99a Ich habe wohl deutlich machen können, daß hier kein Pessimismus verkündet werden soll. Besser gesagt, kein falscher Pessimismus, denn es gibt auch einen richtigen, und ohne ihn wird nichts Großes. Er ist die bittere Kraft, die das tapfere Herz und den schaffensfähigen Geist zum dauernden Werk befähigt. Dieser sollte allerdings vertreten - und es sollte auf die eine und eigentliche Entscheidung hingewiesen werden, die hinter den vielen Einzelentscheidungen liegt, wie sie sich überall aufdrängen. Ihre Möglichkeiten lauten: Untergang in einer inneren wie äußeren Zerstörung - oder aber eine neue Weltgestalt als Raum für eine ihres Sinnes bewußte und zukunftsfähige Menschlichkeit. (Fs)

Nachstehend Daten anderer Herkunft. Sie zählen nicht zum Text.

text \<open>When the test fails, the actual change of \<open>\<phi>\<close> exceeds a \<open>\<sigma>\<close>-fraction of the linear
  prediction, so the Taylor remainder must absorb a \<open>(1 - \<sigma>)\<close>-fraction of the model decrease.\<close>

lemma armijo_failure_scaled_step_bound:
  fixes G x W :: "'a::real_inner"
  assumes taylor: "\<bar>\<phi> x - \<phi> W - G \<bullet> (x - W)\<bar> \<le> e * norm (x - W)"
    and fail: "\<phi> W + \<sigma> * (G \<bullet> (x - W)) < \<phi> x"
    and decrease: "G \<bullet> (x - W) + \<gamma>/2 * (norm (x - W))\<^sup>2 \<le> 0"
    and "\<sigma> < 1" and "0 \<le> e"
  shows "(1 - \<sigma>) * \<gamma> * norm (x - W) \<le> 2 * e"
proof (cases "x = W")
  case False
  have "(1 - \<sigma>) * (\<gamma>/2 * (norm (x - W))\<^sup>2) \<le> (1 - \<sigma>) * - (G \<bullet> (x - W))"
    using decrease \<open>\<sigma> < 1\<close> by (intro mult_left_mono) auto
  also have "\<dots> \<le> e * norm (x - W)"
    using taylor fail by (simp add: algebra_simps)
  finally have "((1 - \<sigma>) * \<gamma> * norm (x - W)) * norm (x - W) \<le> (2 * e) * norm (x - W)"
    by (simp add: power2_eq_square algebra_simps)
  then show ?thesis
    using False by (simp add: mult_le_cancel_right)
qed (simp add: \<open>0 \<le> e\<close>)

lemma scaled_step_tendsto_zero_of_armijo_failure:
  fixes \<phi> :: "'a::real_inner \<Rightarrow> real"
  assumes deriv: "(\<phi> has_derivative (\<lambda>h. G \<bullet> h)) (at W)"
    and conv: "x \<longlonglongrightarrow> W" and "\<sigma> < 1"
    and ev: "\<forall>\<^sub>F i in sequentially. 0 \<le> \<gamma> i
               \<and> G \<bullet> (x i - W) + \<gamma> i/2 * (norm (x i - W))\<^sup>2 \<le> 0
               \<and> \<phi> W + \<sigma> * (G \<bullet> (x i - W)) < \<phi> (x i)"
  shows "(\<lambda>i. \<gamma> i * norm (x i - W)) \<longlonglongrightarrow> 0"
  unfolding tendsto_iff
proof (intro allI impI)
  fix r :: real
  assume "r > 0"
  define e where "e = r * (1 - \<sigma>) / 4"
  have "e > 0"
    using \<open>r > 0\<close> \<open>\<sigma> < 1\<close> by (simp add: e_def)
  then obtain d where "d > 0" and taylor: "\<And>y. norm (y - W) < d \<Longrightarrow>
      norm (\<phi> y - \<phi> W - G \<bullet> (y - W)) \<le> e * norm (y - W)"
    using deriv unfolding has_derivative_at_alt by blast
  have "\<forall>\<^sub>F i in sequentially. norm (x i - W) < d"
    using conv \<open>d > 0\<close> unfolding tendsto_iff by (simp add: dist_norm)
  with ev show "\<forall>\<^sub>F i in sequentially. dist (\<gamma> i * norm (x i - W)) 0 < r"
  proof eventually_elim
    case (elim i)
    then have "(1 - \<sigma>) * \<gamma> i * norm (x i - W) \<le> (1 - \<sigma>) * (r / 2)"
      using armijo_failure_scaled_step_bound[of \<phi> "x i" W G e \<sigma> "\<gamma> i"] taylor \<open>\<sigma> < 1\<close> \<open>e > 0\<close>
      by (simp add: e_def)
    then have "\<gamma> i * norm (x i - W) \<le> r / 2"
      using \<open>\<sigma> < 1\<close> by (simp add: mult.assoc)
    then show ?case
      using elim \<open>r > 0\<close> by simp
  qed
qed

100a Auf die Frage nach dem Wesen und dem Charakter dieser Weltgestalt soll hier nicht eingegangen werden. Wenn man die an vielen Stellen sich zeigenden Ansätze miteinander in Verbindung brächte; die Eigenart der werdenden Formen und Ordnungen untersuchte und sich bemühte, die wirkenden Motive und Haltungen zu verstehen, wäre wohl manches zu sagen. Es würde aber den Rahmen dieser kleinen Schrift überschreiten; so muß es für eine andere Gelegenheit zurückgestellt sein. (Fs)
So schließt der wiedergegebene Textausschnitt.